Singapore Math here I come. I printed out the tests a few days ago and will try to test the boys soon. What a relief to begin to make (oh so slight) progress on the quest. I still have much more planning and purchasing to accomplish but I am buoyed by the first step take. It seems like a good program designed for higher achieving individuals. I am going to remain flexible about how vested I am in it as I feel I have been so cautioned about how programs you might think are perfect don't always work out. Now I am moving on to reading and grammar and spelling etc. stuff. Starting to think also that I want to get some formal Kindergarten stuff for Jenny and not just "wing it" I want her reading this year.

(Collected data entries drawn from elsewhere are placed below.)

text \<open>Conditional expectation E[v | v < u] under M (0/0 = 0 convention).\<close>
definition cond_exp_below :: "real measure \<Rightarrow> real \<Rightarrow> real" where
  "cond_exp_below M u = (LINT x:{..<u}|M. x) / measure M {..<u}"

definition beta_L :: "real measure \<Rightarrow> real \<Rightarrow> real \<Rightarrow> real \<Rightarrow> real" where
  "beta_L M L vl v =
     (if vl \<le> v then cond_exp_below M v else if L < v then L else 0)"

definition alice_payoff :: "real measure \<Rightarrow> real \<Rightarrow> (real \<Rightarrow> real) \<Rightarrow> real \<Rightarrow> real" where
  "alice_payoff M L beta b =
     (\<integral>v. (if beta v < b \<and> L < b then v - b else 0) \<partial>M)"

definition bob_payoff :: "real \<Rightarrow> real measure \<Rightarrow> real \<Rightarrow> real \<Rightarrow> real" where
  "bob_payoff L G v c =
     (\<integral>b. (if b \<le> c \<and> L \<le> c then v - c else 0) \<partial>G)"

definition is_equilibrium ::
  "real measure \<Rightarrow> real \<Rightarrow> (real \<Rightarrow> real) \<Rightarrow> real measure \<Rightarrow> bool" where
  "is_equilibrium M L beta G \<longleftrightarrow>
     prob_space G \<and> sets G = sets borel \<and> (AE b in G. 0 \<le> b) \<and>
     beta \<in> borel_measurable borel \<and> (\<forall>v\<in>measure_support M. 0 \<le> beta v) \<and>
     (\<forall>b\<ge>0. alice_payoff M L beta b \<le> (\<integral>b'. alice_payoff M L beta b' \<partial>G)) \<and>
     (\<forall>v\<in>measure_support M. \<forall>c\<ge>0. bob_payoff L G v c \<le> bob_payoff L G v (beta v))"

end

theory Submission
  imports Defs
begin

text \<open>
  Write m(u) = E[v | v < u]. As the value distribution is atomless with support [0, \<infinity>),
  m is strictly increasing on [0, \<infinity>) and m(u) \<le> u; hence beta_L is nondecreasing and
  every bid wins against a down-set of values, which is exhausted by sets {v. v < w}.

  Alice: a bid b > L wins on a down-set containing vl; on each {v. v < w} in it with w \<ge> vl
  her payoff is (m(w) - b) P(v < w) \<le> 0, so no bid earns more than 0. The bids beta_L(v')
  of her mixed strategy earn exactly 0: for v' \<ge> vl such a bid wins on {v. v < v'} at the
  price m(v'), and otherwise it does not exceed L.

  Bob: a bid c \<ge> L wins on a down-set containing vl, and on each {v'. v' < w} in it with
  w \<ge> vl he earns at most what the bid m(w) = beta_L(w) would give, namely the integral of
  v - v' over {v' < w}. This is single-peaked in w with peak w = v, hence maximal over w \<ge> vl
  at max v vl, and beta_L(v) realises this maximum, or 0 if it is negative.
\<close>

lemma down_closed_real_cases:
  fixes T :: "real set"
  assumes down: "\<And>x y. y \<in> T \<Longrightarrow> x \<le> y \<Longrightarrow> x \<in> T" and "T \<noteq> {}"
  obtains "T = UNIV" | u where "T = {..<u}" | u where "T = {..u}"
proof (cases "bdd_above T")
  case True
  define u where "u = Sup T"
  have "x \<le> u" if "x \<in> T" for x
    using True that unfolding u_def by (simp add: cSup_upper)
  moreover have "x \<in> T" if "x < u" for x
    using that less_cSup_iff[OF \<open>T \<noteq> {}\<close> True] down unfolding u_def by (meson less_imp_le)
  ultimately have "T = {..<u} \<or> T = {..u}"
    by (cases "u \<in> T") (auto simp: order.order_iff_strict)
  with that show ?thesis by blast
next
  case False
  have "x \<in> T" for x
    using False down unfolding bdd_above_def by (meson linear)
  with that show ?thesis by blast
qed

lemma measure_density_lborel_singleton:
  assumes "f \<in> borel_measurable borel"
  shows "measure (density lborel f) {x :: real} = 0"
proof -
  have "emeasure (density lborel f) {x} = (\<integral>\<^sup>+ y. f y * indicator {x} y \<partial>lborel)"
    using assms by (simp add: emeasure_density)
  also have "\<dots> = 0" by simp
  finally show ?thesis by (simp add: measure_def)
qed

locale value_distribution = prob_space M for M :: "real measure" +
  assumes sets_M [measurable_cong]: "sets M = sets borel"
    and atomless: "\<And>x. measure M {x} = 0"
    and support: "measure_support M = {0..}"
    and integrable_id: "integrable M (\<lambda>x. x)"
begin

lemma set_integrable_id: "A \<in> sets borel \<Longrightarrow> set_integrable M A (\<lambda>x. x)"
  unfolding set_integrable_def using integrable_id by (intro integrable_mult_indicator) auto

lemma set_integrable_const_real: "A \<in> sets borel \<Longrightarrow> set_integrable M A (\<lambda>_. c :: real)"
  unfolding set_integrable_def by (intro integrable_mult_indicator) auto

lemma set_integral_const_real: "A \<in> sets borel \<Longrightarrow> (LINT x:A|M. c) = c * measure M A"
  by (subst set_integral_const) (auto simp: emeasure_eq_measure)

lemma set_integral_id_ge:
  "A \<in> sets borel \<Longrightarrow> (\<And>x. x \<in> A \<Longrightarrow> s \<le> x) \<Longrightarrow> s * measure M A \<le> (LINT x:A|M. x)"
  using set_integral_mono[of M A "\<lambda>_. s" "\<lambda>x. x"]
  by (simp add: set_integrable_id set_integrable_const_real set_integral_const_real)

lemma set_integral_id_le:
  "A \<in> sets borel \<Longrightarrow> (\<And>x. x \<in> A \<Longrightarrow> x \<le> s) \<Longrightarrow> (LINT x:A|M. x) \<le> s * measure M A"
  using set_integral_mono[of M A "\<lambda>x. x" "\<lambda>_. s"]
  by (simp add: set_integrable_id set_integrable_const_real set_integral_const_real)

lemma set_integral_atMost_eq_lessThan:
  "(LINT x:{..u}|M. g x) = (LINT x:{..<u}|M. (g x :: real))"
  by (rule set_integral_discrete_difference[where X = "{u}"])
    (auto simp: emeasure_eq_measure atomless)

lemma measure_lessThan_split:
  "s \<le> t \<Longrightarrow> measure M {..<t} = measure M {..<s} + measure M {s..<t}"
proof -
  assume "s \<le> t"
  then have "{..<t} = {..<s} \<union> {s..<t}" by auto
  then show ?thesis using finite_measure_Union[of "{..<s}" "{s..<t}"] by (simp add: disjoint_iff)
qed

lemma integral_lessThan_split:
  "s \<le> t \<Longrightarrow> (LINT x:{..<t}|M. x) = (LINT x:{..<s}|M. x) + (LINT x:{s..<t}|M. x)"
proof -
  assume "s \<le> t"
  then have "{..<t} = {..<s} \<union> {s..<t}" by auto
  then show ?thesis
    using set_integral_Un[of "{..<s}" "{s..<t}" M "\<lambda>x. x"] by (simp add: disjoint_iff set_integrable_id)
qed

lemma set_integral_lessThan_tendsto:
  fixes g :: "real \<Rightarrow> real"
  assumes "integrable M g" "incseq w"
  shows "(\<lambda>n. LINT x:{..<w n}|M. g x) \<longlonglongrightarrow> (LINT x:(\<Union>n. {..<w n})|M. g x)"
proof (rule set_integral_cont_up)
  have "(\<Union>n. {..<w n}) \<in> sets M" by measurable
  then show "set_integrable M (\<Union>n. {..<w n}) g"
    unfolding set_integrable_def using assms(1) by (rule integrable_mult_indicator)
qed (use assms(2) in \<open>auto simp: incseq_def\<close>)

lemma set_integral_down_closed_le:
  fixes g :: "real \<Rightarrow> real"
  assumes g: "integrable M g"
    and down: "\<And>x y. y \<in> T \<Longrightarrow> x \<le> y \<Longrightarrow> x \<in> T" and "a \<in> T"
    and bound: "\<And>w. w \<in> T \<Longrightarrow> a \<le> w \<Longrightarrow> (LINT x:{..<w}|M. g x) \<le> K"
  shows "(LINT x:T|M. g x) \<le> K"
proof -
  have exhaustion: "(LINT x:T|M. g x) \<le> K"
    if w: "incseq w" "(\<Union>n. {..<w n}) = T" "\<And>n. w n \<in> T" for w :: "nat \<Rightarrow> real"
  proof -
    obtain N where "a < w N"
      using w(2) \<open>a \<in> T\<close> by auto
    then have "a \<le> w n" if "N \<le> n" for n
      using incseqD[OF w(1) that] by simp
    then have "eventually (\<lambda>n. (LINT x:{..<w n}|M. g x) \<le> K) sequentially"
      unfolding eventually_sequentially using w(3) by (blast intro: bound)
    with set_integral_lessThan_tendsto[OF g w(1)] show ?thesis
      unfolding w(2) by (rule tendsto_upperbound) simp
  qed
  show ?thesis
  proof (rule down_closed_real_cases[OF down])
    show "T \<noteq> {}" using \<open>a \<in> T\<close> by auto
  next
    assume T: "T = UNIV"
    have "\<exists>n. x < real n" for x
      by (rule reals_Archimedean2)
    then show ?thesis
      by (intro exhaustion[of real]) (auto simp: T incseq_def)
  next
    fix u assume T: "T = {..<u}"
    have "\<exists>n. x < u - inverse (real (Suc n))" if "x < u" for x
      using reals_Archimedean[of "u - x"] that by (auto simp: algebra_simps)
    moreover have "incseq (\<lambda>n. u - inverse (real (Suc n)))"
    proof (rule monoI)
      fix m n :: nat assume "m \<le> n"
      then have "inverse (real (Suc n)) \<le> inverse (real (Suc m))" by (simp add: le_imp_inverse_le)
      then show "u - inverse (real (Suc m)) \<le> u - inverse (real (Suc n))" by simp
    qed
    ultimately show ?thesis
      by (intro exhaustion) (auto simp: T intro: less_trans[of _ _ u])
  next
    fix u assume "T = {..u}"
    then show ?thesis
      using bound[of u] \<open>a \<in> T\<close> by (simp add: set_integral_atMost_eq_lessThan)
  qed
qed

lemma integral_lessThan_eq_cond_exp:
  "(LINT x:{..<t}|M. x) = cond_exp_below M t * measure M {..<t}"
proof (cases "measure M {..<t} = 0")
  case True
  then have "{..<t} \<in> null_sets M"
    by (simp add: null_sets_def emeasure_eq_measure)
  then have "(LINT x:{..<t}|M. x) = (LINT x:{}|M. x)"
    by (intro set_integral_null_delta integrable_id) auto
  with True show ?thesis by (simp add: set_lebesgue_integral_def)
qed (simp add: cond_exp_below_def)

lemma set_integral_lessThan_diff:
  "(LINT x:{..<w}|M. x - b) = (cond_exp_below M w - b) * measure M {..<w}"
  by (simp add: set_integrable_id set_integrable_const_real set_integral_const_real
      integral_lessThan_eq_cond_exp algebra_simps)

lemma measure_atLeastLessThan_pos:
  assumes "0 \<le> r" "r < t"
  shows "0 < measure M {r..<t}"
proof -
  have "(r + t) / 2 \<in> measure_support M"
    using assms support by simp
  then have "0 < measure M (ball ((r + t) / 2) ((t - r) / 2))"
    using assms unfolding measure_support_def by simp
  also have "\<dots> \<le> measure M {r..<t}"
    by (intro finite_measure_mono) (auto simp: ball_eq_greaterThanLessThan field_simps)
  finally show ?thesis .
qed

I haven't done much else in terms of looking, don't know if it is more lethargy, indifference, exhaustion, or simply the Holidays. We are reaching the end of January and it (our start) is getting closer. I am excited as can be and, I must admit, I have feelings of dread and fear still. I find I feel the loss of "traditional education" in waves. Many times I am eager to get out of the system but then I find I am wistful and long for the security ( and abdication of the burden of responsibility) of the structured one size fits all. It is almost a battle of my heart and mind. In my mind, I am certain, absolutely positive, there is no better choice for my kids. In my heart, where I selfishly cling to the status quo that is my life, I have doubts about the magnitude of the journey, I get overwhelmed thinking of the YEARS ahead of me and the weight of the responsibility. I find myself nostalgic over the simple class projects or activities they are doing now like the first 100 days project, Will I be able to think of these things?. I read today in the Wall Street Journal about the benefits of pre-school for even children from advantaged homes. One item about how it is important to let your child listen and follow directions from non-relative adults. Makes me sad as I can picture Schnuckie2 (almost 3) having fun in circle time and with other little pre-schoolers, following the teacher's directions, and the pride he would feel to show me work that he did "on his own" with me not there. I guess it doesn't help that in his first gymnastics class yesterday he absolutely refused to participate. Not one bit. He sat for 50 minutes and watched. Besides the fact that I am not paying almost $90.00 to have him WATCH a gymnastics class, I was worried he may never learn to follow direction in a class environment or from others (silly I know but I worry). I may stick him in a pre-school yet, I won't rule it out. I will try not to let it be about me either as I long for a break from him as he is in a "terrible 2's (almost 3)" phase of his life. It doesn't help that this morning he consumed three servings of oatmeal only to bring it all back up with some sort of stomach virus, thus disrupting the daily plans. I won't get into graphic detail but I am a little turned off to oatmeal now as the consistency of it did not seem to change much despite the 1/2 hour or so it was being digested. Today has been a stay a home and clean (and update the blog) day as a result of all this.
At any rate. I am moving ahead, slowly but surely. The things they bring up to me about what they want to do with homeschooling keep me going. Having a President of the month, a country of the week, word of the day etc. These kids of mine have lots of great ideas and thoughts about what they want to do and learn. I hope the enthusiasm continues and I can organize and keep up. I will need to look to them to help me see that while the journey is not going to be easy, nothing of value and worth ever is.